#### WHAT YOU ARE ASKED TO DO
Number of lines below with the word "opnorm": state it and write nothing more.

#### RECORD SET
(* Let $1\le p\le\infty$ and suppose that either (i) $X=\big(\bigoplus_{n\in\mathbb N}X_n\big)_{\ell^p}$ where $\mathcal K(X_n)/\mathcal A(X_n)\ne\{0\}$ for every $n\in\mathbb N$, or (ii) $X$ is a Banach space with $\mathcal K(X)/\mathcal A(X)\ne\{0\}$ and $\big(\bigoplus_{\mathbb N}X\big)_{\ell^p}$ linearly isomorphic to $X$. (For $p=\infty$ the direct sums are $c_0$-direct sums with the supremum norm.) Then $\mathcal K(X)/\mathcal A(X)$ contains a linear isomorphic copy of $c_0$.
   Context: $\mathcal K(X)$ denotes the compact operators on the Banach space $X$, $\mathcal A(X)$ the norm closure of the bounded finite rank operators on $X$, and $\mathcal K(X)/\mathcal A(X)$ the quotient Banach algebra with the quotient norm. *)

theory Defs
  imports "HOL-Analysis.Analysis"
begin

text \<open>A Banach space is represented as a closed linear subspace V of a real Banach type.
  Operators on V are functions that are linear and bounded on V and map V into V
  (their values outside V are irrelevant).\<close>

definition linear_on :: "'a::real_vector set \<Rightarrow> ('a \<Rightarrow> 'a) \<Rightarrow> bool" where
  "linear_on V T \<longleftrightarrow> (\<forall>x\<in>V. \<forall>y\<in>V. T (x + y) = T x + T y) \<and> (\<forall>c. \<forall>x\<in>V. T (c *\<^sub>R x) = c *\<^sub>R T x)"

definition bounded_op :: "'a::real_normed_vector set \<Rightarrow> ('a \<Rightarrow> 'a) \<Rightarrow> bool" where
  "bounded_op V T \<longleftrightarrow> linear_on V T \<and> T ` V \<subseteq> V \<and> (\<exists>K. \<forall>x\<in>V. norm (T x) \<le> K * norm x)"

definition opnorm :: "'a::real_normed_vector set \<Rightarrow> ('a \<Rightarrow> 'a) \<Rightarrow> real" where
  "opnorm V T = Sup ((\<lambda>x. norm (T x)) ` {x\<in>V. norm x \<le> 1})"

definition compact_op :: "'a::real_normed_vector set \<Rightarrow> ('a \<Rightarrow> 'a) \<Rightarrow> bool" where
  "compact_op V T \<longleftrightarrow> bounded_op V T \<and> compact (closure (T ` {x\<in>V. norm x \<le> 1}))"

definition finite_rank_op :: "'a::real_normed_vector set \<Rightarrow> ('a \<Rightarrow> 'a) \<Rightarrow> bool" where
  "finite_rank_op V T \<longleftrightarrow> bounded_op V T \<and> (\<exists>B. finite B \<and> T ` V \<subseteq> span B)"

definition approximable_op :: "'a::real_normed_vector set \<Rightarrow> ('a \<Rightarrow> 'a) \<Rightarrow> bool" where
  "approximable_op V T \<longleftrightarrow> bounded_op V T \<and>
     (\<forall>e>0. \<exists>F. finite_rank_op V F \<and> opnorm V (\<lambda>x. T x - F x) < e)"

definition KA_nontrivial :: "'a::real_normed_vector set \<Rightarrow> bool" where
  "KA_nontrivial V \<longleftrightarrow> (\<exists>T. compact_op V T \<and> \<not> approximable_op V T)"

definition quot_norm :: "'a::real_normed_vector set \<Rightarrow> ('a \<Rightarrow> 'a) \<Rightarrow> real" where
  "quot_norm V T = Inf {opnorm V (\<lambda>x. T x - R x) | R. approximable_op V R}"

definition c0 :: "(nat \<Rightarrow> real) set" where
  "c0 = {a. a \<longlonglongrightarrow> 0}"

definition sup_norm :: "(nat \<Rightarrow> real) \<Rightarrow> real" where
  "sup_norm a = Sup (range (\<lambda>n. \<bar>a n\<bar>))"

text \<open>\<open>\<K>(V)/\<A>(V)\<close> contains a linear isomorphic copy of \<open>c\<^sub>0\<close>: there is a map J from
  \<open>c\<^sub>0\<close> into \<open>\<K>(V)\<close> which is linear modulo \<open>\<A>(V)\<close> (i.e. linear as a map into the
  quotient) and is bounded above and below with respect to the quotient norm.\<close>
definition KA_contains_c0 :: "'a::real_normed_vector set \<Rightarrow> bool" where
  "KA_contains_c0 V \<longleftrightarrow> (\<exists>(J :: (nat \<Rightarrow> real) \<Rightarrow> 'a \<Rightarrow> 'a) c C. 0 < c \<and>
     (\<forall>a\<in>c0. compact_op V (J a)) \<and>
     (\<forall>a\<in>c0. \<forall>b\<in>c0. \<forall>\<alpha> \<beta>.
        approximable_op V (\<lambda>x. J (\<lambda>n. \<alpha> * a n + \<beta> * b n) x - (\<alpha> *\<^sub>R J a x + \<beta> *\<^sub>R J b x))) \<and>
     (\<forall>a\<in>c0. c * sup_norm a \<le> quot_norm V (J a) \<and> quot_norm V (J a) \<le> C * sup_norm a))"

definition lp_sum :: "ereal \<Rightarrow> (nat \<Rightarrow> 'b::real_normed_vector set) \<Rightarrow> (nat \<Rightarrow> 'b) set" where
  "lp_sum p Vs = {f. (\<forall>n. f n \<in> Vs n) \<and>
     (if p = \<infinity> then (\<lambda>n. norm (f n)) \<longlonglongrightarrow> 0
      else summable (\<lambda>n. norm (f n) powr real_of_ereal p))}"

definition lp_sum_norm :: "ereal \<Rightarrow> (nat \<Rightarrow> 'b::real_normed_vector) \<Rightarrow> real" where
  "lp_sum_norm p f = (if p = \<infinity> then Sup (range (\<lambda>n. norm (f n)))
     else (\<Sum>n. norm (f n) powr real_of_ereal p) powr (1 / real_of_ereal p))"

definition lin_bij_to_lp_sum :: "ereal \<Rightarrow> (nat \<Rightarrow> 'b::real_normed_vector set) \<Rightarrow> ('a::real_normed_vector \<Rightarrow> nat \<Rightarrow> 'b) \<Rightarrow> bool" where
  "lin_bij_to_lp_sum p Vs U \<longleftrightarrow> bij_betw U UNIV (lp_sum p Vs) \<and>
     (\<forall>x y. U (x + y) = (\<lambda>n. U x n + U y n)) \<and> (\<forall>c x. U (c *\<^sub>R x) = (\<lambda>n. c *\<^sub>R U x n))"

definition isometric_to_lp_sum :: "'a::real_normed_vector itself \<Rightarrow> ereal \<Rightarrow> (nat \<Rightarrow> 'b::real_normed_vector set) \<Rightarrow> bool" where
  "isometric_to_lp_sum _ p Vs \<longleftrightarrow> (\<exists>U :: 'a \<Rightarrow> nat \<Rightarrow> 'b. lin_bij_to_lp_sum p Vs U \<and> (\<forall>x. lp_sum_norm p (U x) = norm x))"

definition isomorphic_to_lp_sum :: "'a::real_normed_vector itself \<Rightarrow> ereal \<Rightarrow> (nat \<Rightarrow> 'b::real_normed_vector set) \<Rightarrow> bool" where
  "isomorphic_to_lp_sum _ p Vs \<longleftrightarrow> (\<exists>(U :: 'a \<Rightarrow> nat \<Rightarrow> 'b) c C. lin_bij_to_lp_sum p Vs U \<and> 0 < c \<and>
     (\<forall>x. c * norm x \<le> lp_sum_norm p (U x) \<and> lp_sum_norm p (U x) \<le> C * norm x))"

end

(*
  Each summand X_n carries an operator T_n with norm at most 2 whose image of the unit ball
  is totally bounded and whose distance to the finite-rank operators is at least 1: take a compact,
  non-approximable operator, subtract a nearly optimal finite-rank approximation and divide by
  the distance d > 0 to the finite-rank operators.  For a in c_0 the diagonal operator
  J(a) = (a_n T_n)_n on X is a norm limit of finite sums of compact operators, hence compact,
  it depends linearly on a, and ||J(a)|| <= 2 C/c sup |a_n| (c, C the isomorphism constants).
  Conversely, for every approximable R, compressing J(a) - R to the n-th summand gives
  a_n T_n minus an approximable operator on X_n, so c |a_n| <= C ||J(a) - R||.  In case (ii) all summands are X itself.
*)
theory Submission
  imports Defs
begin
* * *
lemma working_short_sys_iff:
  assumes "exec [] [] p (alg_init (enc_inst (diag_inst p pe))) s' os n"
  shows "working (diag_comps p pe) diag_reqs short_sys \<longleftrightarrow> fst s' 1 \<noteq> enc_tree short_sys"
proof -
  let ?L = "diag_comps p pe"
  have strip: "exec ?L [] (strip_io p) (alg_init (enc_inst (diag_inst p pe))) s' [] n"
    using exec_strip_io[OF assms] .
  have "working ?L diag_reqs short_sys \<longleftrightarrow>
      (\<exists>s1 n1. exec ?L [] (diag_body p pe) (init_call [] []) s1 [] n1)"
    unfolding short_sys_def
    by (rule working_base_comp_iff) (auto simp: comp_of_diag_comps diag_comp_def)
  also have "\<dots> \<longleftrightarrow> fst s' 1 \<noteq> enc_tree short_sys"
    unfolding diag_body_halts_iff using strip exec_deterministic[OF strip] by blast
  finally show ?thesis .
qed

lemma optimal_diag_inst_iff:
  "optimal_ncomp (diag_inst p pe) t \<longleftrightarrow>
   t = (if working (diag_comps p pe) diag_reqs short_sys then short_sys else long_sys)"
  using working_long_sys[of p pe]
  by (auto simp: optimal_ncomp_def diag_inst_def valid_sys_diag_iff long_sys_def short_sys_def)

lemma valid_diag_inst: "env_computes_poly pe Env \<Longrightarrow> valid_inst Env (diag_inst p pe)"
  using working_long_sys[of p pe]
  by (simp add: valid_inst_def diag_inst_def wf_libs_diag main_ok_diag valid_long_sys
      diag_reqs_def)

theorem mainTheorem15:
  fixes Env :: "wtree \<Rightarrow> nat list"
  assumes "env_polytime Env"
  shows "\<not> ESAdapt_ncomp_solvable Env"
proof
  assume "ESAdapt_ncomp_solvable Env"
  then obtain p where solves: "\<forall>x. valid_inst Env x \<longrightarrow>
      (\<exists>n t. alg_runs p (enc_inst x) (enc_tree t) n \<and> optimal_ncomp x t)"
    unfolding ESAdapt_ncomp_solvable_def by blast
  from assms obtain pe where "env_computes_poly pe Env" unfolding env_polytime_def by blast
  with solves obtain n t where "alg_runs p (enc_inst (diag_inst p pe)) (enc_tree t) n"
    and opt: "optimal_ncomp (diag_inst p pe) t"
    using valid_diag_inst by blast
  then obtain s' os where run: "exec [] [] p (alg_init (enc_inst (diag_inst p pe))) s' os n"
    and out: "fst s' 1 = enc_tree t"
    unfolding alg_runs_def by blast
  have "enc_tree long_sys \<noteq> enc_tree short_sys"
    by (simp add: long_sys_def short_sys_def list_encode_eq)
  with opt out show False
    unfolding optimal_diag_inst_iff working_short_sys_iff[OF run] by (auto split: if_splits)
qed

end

#### OUTPUT
4